Ausnahmemanager auf Glatteis

Flexibel und zäh, wurde Mobilcom-Chef Schmid zum Vorzeigemanager – jetzt sägt der Hauptanteilseigner am Stuhl

Mit harten Rempeleien hat Mobilcom-Chef Gerhard Schmid als ehemaliger Eiskockeyprofi schon seit seiner Studentenzeit Erfahrung. Ob der Fünfzigjährige aber das neueste Tackling des größten Anteilseigners seiner Telekommunikationsfirma, der France Télécom, wegstecken kann, ist fraglich. Wegen angeblicher Vertragsverletzungen will der französische Konzern dem leidenschaftlichen Manager den Schläger bei der von ihm gegründeten Mobilcom aus der Hand nehmen. Die formelle Zusammenarbeit hat die France Télécom jedenfalls schon beendet. Bis zu einer Entscheidung über Schmid will sie Mobilcom aber „weiter mit Liquidität versorgen“, um eine Pleite zu verhindern.

Bei ihren Absetzversuchen können die Franzosen zumindest mit zäher Gegenwehr des hartnäckigen Charismatikers rechnen.

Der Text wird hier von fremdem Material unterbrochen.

theorem theorem3p15:
  fixes q :: real and l n :: nat
  assumes "q > 0" and "n \<ge> 1"
  shows "higher_vderiv n (mod_stieltjes l) q =
    (-1) ^ l * (\<Sum>k\<le>l. (-1) ^ k * fact k * of_nat (l choose k)
       * of_int (stirling1_signed (n + 1) (k + 1))
       * zetaE_deriv (l - k) (of_nat (n + 1)) q)"
proof -
  have "mod_stieltjes l x = (deriv ^^ l) (\<lambda>w. (-1) ^ l * zetaE (w + 0) x) 1" if "x \<in> {0<..}" for x
    using that mod_stieltjes_eq_higher_deriv[of x l]
    by (simp add: higher_deriv_cmult[where A = UNIV] holomorphic_zetaE holomorphic_on_ident)
  then have "higher_vderiv n (mod_stieltjes l) q =
      higher_vderiv n (\<lambda>x. (deriv ^^ l) (\<lambda>w. (-1) ^ l * zetaE (w + 0) x) 1) q"
    using assms(1) by (intro higher_vderiv_cong_open[of "{0<..}"]) auto
  also have "\<dots> = (deriv ^^ l) (\<lambda>w. (-1) ^ l * (\<Prod>j<n. - (w + of_nat j)) * zetaE (w + of_nat n) q) 1"
    using higher_vderiv_higher_deriv_zetaE[of "\<lambda>_. (-1) ^ l" q n l 0 1] assms(1) by simp
  also have "\<dots> = (-1) ^ l * (\<Sum>k\<le>l. of_nat (l choose k) * (deriv ^^ k) (\<lambda>w. \<Prod>j<n. - (w + of_nat j)) 1
      * (deriv ^^ (l - k)) (\<lambda>w. zetaE (w + of_nat n) q) 1)"
    using assms(1)
    by (simp add: mult.assoc higher_deriv_cmult[where A = UNIV] higher_deriv_mult[where S = UNIV]
        atMost_atLeast0 holomorphic_intros)
  also have "\<dots> = (-1) ^ l * (\<Sum>k\<le>l. (-1) ^ k * fact k * of_nat (l choose k)
      * of_int (stirling1_signed (n + 1) (k + 1)) * zetaE_deriv (l - k) (of_nat (n + 1)) q)"
    by (simp only: higher_deriv_prod_neg_at_1 higher_deriv_zetaE_shift) (simp add: mult_ac del: stirling.simps)
  finally show ?thesis .
qed

end
text \<open>Scalar curvature S of the left-invariant metric with parameters (beta, alpha1, alpha2),
  in terms of n = dim p, d_i = dim k_i and kappa_i (B_i = kappa_i B|k_i):
  S = sum_i kappa_i d_i/(4 alpha_i) - sum_i d_i (1 - kappa_i) alpha_i/(4 beta^2) - n/(2 beta).\<close>

definition scal :: "nat \<Rightarrow> nat \<Rightarrow> nat \<Rightarrow> real \<Rightarrow> real \<Rightarrow> real \<times> real \<times> real \<Rightarrow> real" where
  "scal n d1 d2 k1 k2 p = (case p of (b, a1, a2) \<Rightarrow>
      k1 * real d1 / (4 * a1) + k2 * real d2 / (4 * a2)
      - (real d1 * (1 - k1) * a1 + real d2 * (1 - k2) * a2) / (4 * b\<^sup>2)
      - real n / (2 * b))"

text \<open>tr_g T for T = -Tp Q|p + T1 Q|k1 + T2 Q|k2.\<close>

definition trT :: "nat \<Rightarrow> nat \<Rightarrow> nat \<Rightarrow> real \<Rightarrow> real \<Rightarrow> real \<Rightarrow> real \<times> real \<times> real \<Rightarrow> real" where
  "trT n d1 d2 Tp T1 T2 p = (case p of (b, a1, a2) \<Rightarrow>
      - Tp * real n / b + T1 * real d1 / a1 + T2 * real d2 / a2)"

definition MT0 :: "nat \<Rightarrow> nat \<Rightarrow> nat \<Rightarrow> real \<Rightarrow> real \<Rightarrow> real \<Rightarrow> (real \<times> real \<times> real) set" where
  "MT0 n d1 d2 Tp T1 T2 = {p \<in> MK. trT n d1 d2 Tp T1 T2 p = 0}"

definition MT0_tangent :: "nat \<Rightarrow> nat \<Rightarrow> nat \<Rightarrow> real \<Rightarrow> real \<Rightarrow> real \<Rightarrow> real \<times> real \<times> real
    \<Rightarrow> (real \<times> real \<times> real) set" where
  "MT0_tangent n d1 d2 Tp T1 T2 p =
     {v. frechet_derivative (trT n d1 d2 Tp T1 T2) (at p) v = 0}"

definition crit_S_MT0 :: "nat \<Rightarrow> nat \<Rightarrow> nat \<Rightarrow> real \<Rightarrow> real \<Rightarrow> real \<Rightarrow> real \<Rightarrow> real
    \<Rightarrow> real \<times> real \<times> real \<Rightarrow> bool" where
  "crit_S_MT0 n d1 d2 k1 k2 Tp T1 T2 p \<longleftrightarrow>
     p \<in> MT0 n d1 d2 Tp T1 T2 \<and>
     (\<forall>v \<in> MT0_tangent n d1 d2 Tp T1 T2 p.
        frechet_derivative (scal n d1 d2 k1 k2) (at p) v = 0)"
lemma independent_set_pair: "\<not> adj E a b \<Longrightarrow> independent_set E {a, b}"
  by (simp add: independent_set_insert independent_set_def adj_commute)

lemma proper_subgraph_del_vertex:
  assumes "graph V E" "x \<in> V"
  shows "proper_subgraph (V - {x}) (del_vertex_edges E x) V E"
  using assms unfolding proper_subgraph_def subgraph_def graph_def del_vertex_edges_def by blast

lemma proper_subgraph_cases:
  assumes "proper_subgraph V' E' V E"
  obtains x where "x \<in> V" "V' \<subseteq> V - {x}" "E' \<subseteq> del_vertex_edges E x"
    | e where "e \<in> E" "V' = V" "E' \<subseteq> E - {e}"
proof -
  have sub: "graph V' E'" "V' \<subseteq> V" "E' \<subseteq> E" and ne: "(V', E') \<noteq> (V, E)"
    using assms unfolding proper_subgraph_def subgraph_def by blast+
  show thesis
  proof (cases "V' = V")
    case False
    with sub(2) obtain x where x: "x \<in> V" "x \<notin> V'"
      by blast
    have "E' \<subseteq> del_vertex_edges E x"
    proof
      fix e assume "e \<in> E'"
      with sub(1) obtain p q where "e = {p, q}" "p \<in> V'" "q \<in> V'"
        unfolding graph_def by blast
      with x(2) sub(3) \<open>e \<in> E'\<close> show "e \<in> del_vertex_edges E x"
        unfolding del_vertex_edges_def by auto
    qed
    with that(1) x sub(2) show thesis
      by blast
  next
    case True
    with ne sub(3) obtain e where "e \<in> E" "e \<notin> E'"
      by blast
    with that(2) True sub(3) show thesis
      by blast
  qed
qed

lemma gdist_le_enat_iff: "gdist V E u w \<le> enat n \<longleftrightarrow> (\<exists>k\<le>n. (adj E ^^ k) u w)"
proof
  assume le: "gdist V E u w \<le> enat n"
  then have ex: "\<exists>k. (adj E ^^ k) u w"
    unfolding gdist_def by (auto split: if_splits)
  then have "(LEAST k. (adj E ^^ k) u w) \<le> n"
    using le unfolding gdist_def by simp
  with LeastI_ex[OF ex] show "\<exists>k\<le>n. (adj E ^^ k) u w"
    by blast
next
  assume "\<exists>k\<le>n. (adj E ^^ k) u w"
  then obtain k where k: "k \<le> n" "(adj E ^^ k) u w"
    by blast
  then have "(LEAST k. (adj E ^^ k) u w) \<le> n"
    using Least_le[of "\<lambda>k. (adj E ^^ k) u w"] le_trans by blast
  with k(2) show "gdist V E u w \<le> enat n"
    unfolding gdist_def by auto
qed

lemma gdist_le_1_iff: "gdist V E u w \<le> enat 1 \<longleftrightarrow> u = w \<or> adj E u w"
proof -
  have "(\<exists>k\<le>1. (adj E ^^ k) u w) \<longleftrightarrow> (adj E ^^ 0) u w \<or> (adj E ^^ 1) u w"
    by (metis le_Suc_eq le_zero_eq One_nat_def)
  then show ?thesis
    unfolding gdist_le_enat_iff relpowp_1 by simp
qed
(* If a finite symmetric subset $F\subset\mathrm{SL}_3(\mathbb{R})$ satisfies condition $(\ast)$, then $F$ freely generates a free subgroup of $\mathrm{SL}_3(\mathbb{R})$ (every reduced word $g_1\cdots g_n$, $n\ge1$, $g_i\in F$, $g_k\neq g_{k+1}^{-1}$, is non-trivial), and this subgroup is quasi-isometrically embedded in $\mathrm{SL}_3(\mathbb{R})$.
   Context: For $g\in\mathrm{SL}_3(\mathbb{R})$ and a line $L\in\mathbb{RP}^2$, $\|g|_L\|:=\|gv\|/\|v\|$ for any non-zero $v\in L$ (Euclidean norm). A finite symmetric set $F\subset\mathrm{SL}_3(\mathbb{R})$ satisfies condition $(\ast)$ if there exist $c>1$, a line $L_0\in\mathbb{RP}^2$, and for each $g\in F$ a subset $C_g\subset\mathbb{RP}^2$ such that: (i) $C_g\cap C_h=\emptyset$ if $g\ne h$; (ii) $L_0\notin\bigcup_{g\in F}C_g$; (iii) $g\cdot L_0\in C_g$ for all $g\in F$; (iv) $g\cdot C_h\subset C_g$ whenever $g\neq h^{-1}$; (v) $\|g|_L\|\ge c$ for all $L\in\bigcup_{h\ne g^{-1}}C_h$. *)

theory Defs
  imports "HOL-Analysis.Analysis"
begin

type_synonym mat3 = "real^3^3"

definition SL3 :: "mat3 set" where
  "SL3 = {g. det g = 1}"

definition RP2 :: "(real^3) set set" where
  "RP2 = {L. \<exists>v. v \<noteq> 0 \<and> L = span {v}}"

definition act_line :: "mat3 \<Rightarrow> (real^3) set \<Rightarrow> (real^3) set" where
  "act_line g L = (\<lambda>x. g *v x) ` L"

definition restr_norm :: "mat3 \<Rightarrow> (real^3) set \<Rightarrow> real" where
  "restr_norm g L = (let v = (SOME v. v \<in> L \<and> v \<noteq> 0) in norm (g *v v) / norm v)"

definition symmetric_set :: "mat3 set \<Rightarrow> bool" where
  "symmetric_set F \<longleftrightarrow> (\<forall>g\<in>F. matrix_inv g \<in> F)"

definition cond_star :: "mat3 set \<Rightarrow> bool" where
  "cond_star F \<longleftrightarrow> (\<exists>c::real. \<exists>L0. \<exists>C :: mat3 \<Rightarrow> (real^3) set set.
      c > 1 \<and> L0 \<in> RP2 \<and> (\<forall>g\<in>F. C g \<subseteq> RP2) \<and>
      (\<forall>g\<in>F. \<forall>h\<in>F. g \<noteq> h \<longrightarrow> C g \<inter> C h = {}) \<and>
      L0 \<notin> (\<Union>g\<in>F. C g) \<and>
      (\<forall>g\<in>F. act_line g L0 \<in> C g) \<and>
      (\<forall>g\<in>F. \<forall>h\<in>F. g \<noteq> matrix_inv h \<longrightarrow> act_line g ` C h \<subseteq> C g) \<and>
      (\<forall>g\<in>F. \<forall>L \<in> (\<Union>h\<in>{h\<in>F. h \<noteq> matrix_inv g}. C h). restr_norm g L \<ge> c))"

definition word_prod :: "mat3 list \<Rightarrow> mat3" where
  "word_prod ws = foldr (**) ws (mat 1)"

definition reduced_word :: "mat3 list \<Rightarrow> bool" where
  "reduced_word ws \<longleftrightarrow> (\<forall>k. Suc k < length ws \<longrightarrow> ws ! k \<noteq> matrix_inv (ws ! Suc k))"

definition gen_group :: "mat3 set \<Rightarrow> mat3 set" where
  "gen_group F = {word_prod ws | ws. set ws \<subseteq> F}"

definition word_length :: "mat3 set \<Rightarrow> mat3 \<Rightarrow> nat" where
  "word_length F g = (LEAST n. \<exists>ws. length ws = n \<and> set ws \<subseteq> F \<and> word_prod ws = g)"

definition word_dist :: "mat3 set \<Rightarrow> mat3 \<Rightarrow> mat3 \<Rightarrow> real" where
  "word_dist F g h = real (word_length F (matrix_inv g ** h))"

text \<open>A left-invariant metric on SL_3(R) (pseudo-metric, quasi-isometric to any
  left-invariant Riemannian metric): d(g,h) = log |g^-1 h| + log |h^-1 g|, operator norms.\<close>
definition sl_dist :: "mat3 \<Rightarrow> mat3 \<Rightarrow> real" where
  "sl_dist g h = ln (onorm (\<lambda>x. (matrix_inv g ** h) *v x)) + ln (onorm (\<lambda>x. (matrix_inv h ** g) *v x))"

definition qi_embedded :: "mat3 set \<Rightarrow> bool" where
  "qi_embedded F \<longleftrightarrow> (\<exists>A B. A \<ge> 1 \<and> B \<ge> 0 \<and>
     (\<forall>g\<in>gen_group F. \<forall>h\<in>gen_group F.
        word_dist F g h / A - B \<le> sl_dist g h \<and> sl_dist g h \<le> A * word_dist F g h + B))"

end

theory Submission
  imports Defs
begin

text \<open>Ping-pong. By (iii) and (iv), a reduced word \<open>w = g\<^sub>1 \<cdots> g\<^sub>n\<close> in \<open>F\<close> maps \<open>L\<^sub>0\<close>
  into \<open>C\<^bsub>g\<^sub>1\<^esub>\<close>, which does not contain \<open>L\<^sub>0\<close>, so \<open>w \<noteq> 1\<close>. Moreover each letter \<open>g\<^sub>k\<close> with
  \<open>k < n\<close> acts on a line lying in some \<open>C\<^sub>h\<close> with \<open>h \<noteq> g\<^sub>k\<^sup>-\<^sup>1\<close>, so by (v) it stretches the image
  of a vector of \<open>L\<^sub>0\<close> by at least \<open>c\<close>; hence \<open>\<parallel>w\<parallel> \<ge> c\<^sup>n / (c M)\<close>, where \<open>M\<close> bounds the norms of
  the generators, while trivially \<open>\<parallel>w\<parallel> \<le> M\<^sup>n\<close>. Geodesic words are reduced and the inverse of a
  reduced word is reduced, so \<open>log \<parallel>w\<parallel> + log \<parallel>w\<^sup>-\<^sup>1\<parallel>\<close> lies between \<open>2 n log c - 2 log (c M)\<close>
  and \<open>2 n log M\<close>, with \<open>n\<close> the word length: this is the quasi-isometric embedding.\<close>

lemma matrix_inv_left_right:
  fixes A :: "'a::semiring_1^'n^'m"
  assumes "invertible A"
  shows matrix_inv_left: "matrix_inv A ** A = mat 1"
    and matrix_inv_right: "A ** matrix_inv A = mat 1"
  using someI_ex[OF assms[unfolded invertible_def]] by (auto simp: matrix_inv_def)

lemma invertible_mat_1: "invertible (mat 1 :: 'a::semiring_1^'n^'n)"
  unfolding invertible_def by (auto intro: matrix_mul_lid)

lemma matrix_inv_unique:
  fixes A :: "'a::semiring_1^'n^'m"
  assumes "invertible A" "B ** A = mat 1"
  shows "matrix_inv A = B"
  by (metis assms matrix_inv_right matrix_mul_assoc matrix_mul_lid matrix_mul_rid)

lemma invertible_matrix_inv:
  fixes A :: "'a::semiring_1^'n^'m"
  shows "invertible A \<Longrightarrow> invertible (matrix_inv A)"
  using matrix_inv_left matrix_inv_right invertible_def by blast

lemma matrix_inv_matrix_inv:
  fixes A :: "'a::semiring_1^'n^'m"
  shows "invertible A \<Longrightarrow> matrix_inv (matrix_inv A) = A"
  by (simp add: invertible_matrix_inv matrix_inv_right matrix_inv_unique)

lemma matrix_inv_mult:
  fixes A B :: "'a::semiring_1^'n^'n"
  assumes "invertible A" "invertible B"
  shows "matrix_inv (A ** B) = matrix_inv B ** matrix_inv A"
proof (rule matrix_inv_unique)
  show "invertible (A ** B)" using assms by (rule invertible_mult)
  have "matrix_inv B ** matrix_inv A ** (A ** B) = matrix_inv B ** (matrix_inv A ** A) ** B"
    by (simp add: matrix_mul_assoc)
  then show "matrix_inv B ** matrix_inv A ** (A ** B) = mat 1"
    using assms by (simp add: matrix_inv_left)
qed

Denn wie beim Eishockey ist der bisherige deutsche Vorzeigeunternehmer auch im Geschäft immer in die Offensive gegangen. Nach seinem Betriebswirtschaftsstudium arbeitete der gebürtige Oberfranke und Maurersohn in seiner Geburtsstadt Selb als Assistent des Vorstands der Porzellanmanufaktur Hutschenreuther. In den Norden kam er Mitte der Achtzigerjahre wegen eines Jobs als Tourismusdirektor im Ostseebad Damp. Von Sixt, wo er als Marketingvorstand in München arbeitete, trennte er sich im Streit. Mit der Abfindung finanzierte er bald darauf, 1991, die eigene Unternehmensgründung seiner Firma Mobilcom.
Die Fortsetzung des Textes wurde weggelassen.